**Supplied entries**:
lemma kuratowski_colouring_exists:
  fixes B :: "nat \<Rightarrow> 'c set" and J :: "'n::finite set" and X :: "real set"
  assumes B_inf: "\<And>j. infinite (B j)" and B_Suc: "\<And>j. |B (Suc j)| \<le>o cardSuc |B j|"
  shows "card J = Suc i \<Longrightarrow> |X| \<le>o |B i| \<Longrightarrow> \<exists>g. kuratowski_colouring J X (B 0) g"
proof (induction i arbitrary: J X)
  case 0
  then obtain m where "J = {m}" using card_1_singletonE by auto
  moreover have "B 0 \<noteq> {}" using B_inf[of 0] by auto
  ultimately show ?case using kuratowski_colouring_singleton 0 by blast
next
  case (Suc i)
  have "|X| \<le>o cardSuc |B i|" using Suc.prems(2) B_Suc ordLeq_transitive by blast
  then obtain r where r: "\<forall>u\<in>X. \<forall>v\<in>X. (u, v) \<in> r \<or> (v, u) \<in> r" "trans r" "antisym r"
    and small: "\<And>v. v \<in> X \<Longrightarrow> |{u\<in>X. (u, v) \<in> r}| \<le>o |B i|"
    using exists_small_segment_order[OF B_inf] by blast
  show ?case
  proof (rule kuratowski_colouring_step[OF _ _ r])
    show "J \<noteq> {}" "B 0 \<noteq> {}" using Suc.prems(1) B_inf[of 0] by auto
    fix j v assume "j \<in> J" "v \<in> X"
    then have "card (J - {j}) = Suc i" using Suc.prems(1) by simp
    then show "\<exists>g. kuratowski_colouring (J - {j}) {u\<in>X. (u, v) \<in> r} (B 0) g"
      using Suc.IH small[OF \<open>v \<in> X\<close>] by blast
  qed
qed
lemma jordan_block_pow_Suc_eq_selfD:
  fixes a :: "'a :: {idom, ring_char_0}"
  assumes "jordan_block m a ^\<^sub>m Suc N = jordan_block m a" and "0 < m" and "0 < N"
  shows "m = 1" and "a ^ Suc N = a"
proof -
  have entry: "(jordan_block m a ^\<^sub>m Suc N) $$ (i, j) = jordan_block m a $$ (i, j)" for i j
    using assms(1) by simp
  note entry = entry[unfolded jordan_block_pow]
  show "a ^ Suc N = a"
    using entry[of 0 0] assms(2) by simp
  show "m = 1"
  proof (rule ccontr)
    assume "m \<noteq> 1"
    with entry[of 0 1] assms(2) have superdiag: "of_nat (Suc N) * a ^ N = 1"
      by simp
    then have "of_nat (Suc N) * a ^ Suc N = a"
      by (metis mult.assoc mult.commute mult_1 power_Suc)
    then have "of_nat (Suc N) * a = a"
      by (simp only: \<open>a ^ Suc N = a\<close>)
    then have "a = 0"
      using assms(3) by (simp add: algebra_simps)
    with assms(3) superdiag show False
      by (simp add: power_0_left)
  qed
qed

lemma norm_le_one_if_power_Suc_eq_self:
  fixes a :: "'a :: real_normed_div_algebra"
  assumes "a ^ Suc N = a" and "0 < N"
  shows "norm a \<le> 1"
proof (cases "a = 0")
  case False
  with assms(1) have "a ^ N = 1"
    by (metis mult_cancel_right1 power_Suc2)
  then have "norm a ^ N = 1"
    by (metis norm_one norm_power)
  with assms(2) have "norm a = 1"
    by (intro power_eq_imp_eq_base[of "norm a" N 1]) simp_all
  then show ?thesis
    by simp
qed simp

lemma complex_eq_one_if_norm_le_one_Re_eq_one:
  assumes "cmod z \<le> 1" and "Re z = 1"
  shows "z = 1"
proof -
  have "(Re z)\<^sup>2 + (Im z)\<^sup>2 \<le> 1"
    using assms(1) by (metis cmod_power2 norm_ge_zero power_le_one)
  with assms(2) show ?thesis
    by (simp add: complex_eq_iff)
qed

**Problem to solve**: Repeat, exactly and in full, the records shown above.

**Output for this exercise**:
lemma kuratowski_colouring_exists:
  fixes B :: "nat \<Rightarrow> 'c set" and J :: "'n::finite set" and X :: "real set"
  assumes B_inf: "\<And>j. infinite (B j)" and B_Suc: "\<And>j. |B (Suc j)| \<le>o cardSuc |B j|"
  shows "card J = Suc i \<Longrightarrow> |X| \<le>o |B i| \<Longrightarrow> \<exists>g. kuratowski_colouring J X (B 0) g"
proof (induction i arbitrary: J X)
  case 0
  then obtain m where "J = {m}" using card_1_singletonE by auto
  moreover have "B 0 \<noteq> {}" using B_inf[of 0] by auto
  ultimately show ?case using kuratowski_colouring_singleton 0 by blast
next
  case (Suc i)
  have "|X| \<le>o cardSuc |B i|" using Suc.prems(2) B_Suc ordLeq_transitive by blast
  then obtain r where r: "\<forall>u\<in>X. \<forall>v\<in>X. (u, v) \<in> r \<or> (v, u) \<in> r" "trans r" "antisym r"
    and small: "\<And>v. v \<in> X \<Longrightarrow> |{u\<in>X. (u, v) \<in> r}| \<le>o |B i|"
    using exists_small_segment_order[OF B_inf] by blast
  show ?case
  proof (rule kuratowski_colouring_step[OF _ _ r])
    show "J \<noteq> {}" "B 0 \<noteq> {}" using Suc.prems(1) B_inf[of 0] by auto
    fix j v assume "j \<in> J" "v \<in> X"
    then have "card (J - {j}) = Suc i" using Suc.prems(1) by simp
    then show "\<exists>g. kuratowski_colouring (J - {j}) {u\<in>X. (u, v) \<in> r} (B 0) g"
      using Suc.IH small[OF \<open>v \<in> X\<close>] by blast
  qed
qed
lemma jordan_block_pow_Suc_eq_selfD:
  fixes a :: "'a :: {idom, ring_char_0}"
  assumes "jordan_block m a ^\<^sub>m Suc N = jordan_block m a" and "0 < m" and "0 < N"
  shows "m = 1" and "a ^ Suc N = a"
proof -
  have entry: "(jordan_block m a ^\<^sub>m Suc N) $$ (i, j) = jordan_block m a $$ (i, j)" for i j
    using assms(1) by simp
  note entry = entry[unfolded jordan_block_pow]
  show "a ^ Suc N = a"
    using entry[of 0 0] assms(2) by simp
  show "m = 1"
  proof (rule ccontr)
    assume "m \<noteq> 1"
    with entry[of 0 1] assms(2) have superdiag: "of_nat (Suc N) * a ^ N = 1"
      by simp
    then have "of_nat (Suc N) * a ^ Suc N = a"
      by (metis mult.assoc mult.commute mult_1 power_Suc)
    then have "of_nat (Suc N) * a = a"
      by (simp only: \<open>a ^ Suc N = a\<close>)
    then have "a = 0"
      using assms(3) by (simp add: algebra_simps)
    with assms(3) superdiag show False
      by (simp add: power_0_left)
  qed
qed

lemma norm_le_one_if_power_Suc_eq_self:
  fixes a :: "'a :: real_normed_div_algebra"
  assumes "a ^ Suc N = a" and "0 < N"
  shows "norm a \<le> 1"
proof (cases "a = 0")
  case False
  with assms(1) have "a ^ N = 1"
    by (metis mult_cancel_right1 power_Suc2)
  then have "norm a ^ N = 1"
    by (metis norm_one norm_power)
  with assms(2) have "norm a = 1"
    by (intro power_eq_imp_eq_base[of "norm a" N 1]) simp_all
  then show ?thesis
    by simp
qed simp

lemma complex_eq_one_if_norm_le_one_Re_eq_one:
  assumes "cmod z \<le> 1" and "Re z = 1"
  shows "z = 1"
proof -
  have "(Re z)\<^sup>2 + (Im z)\<^sup>2 \<le> 1"
    using assms(1) by (metis cmod_power2 norm_ge_zero power_le_one)
  with assms(2) show ?thesis
    by (simp add: complex_eq_iff)
qed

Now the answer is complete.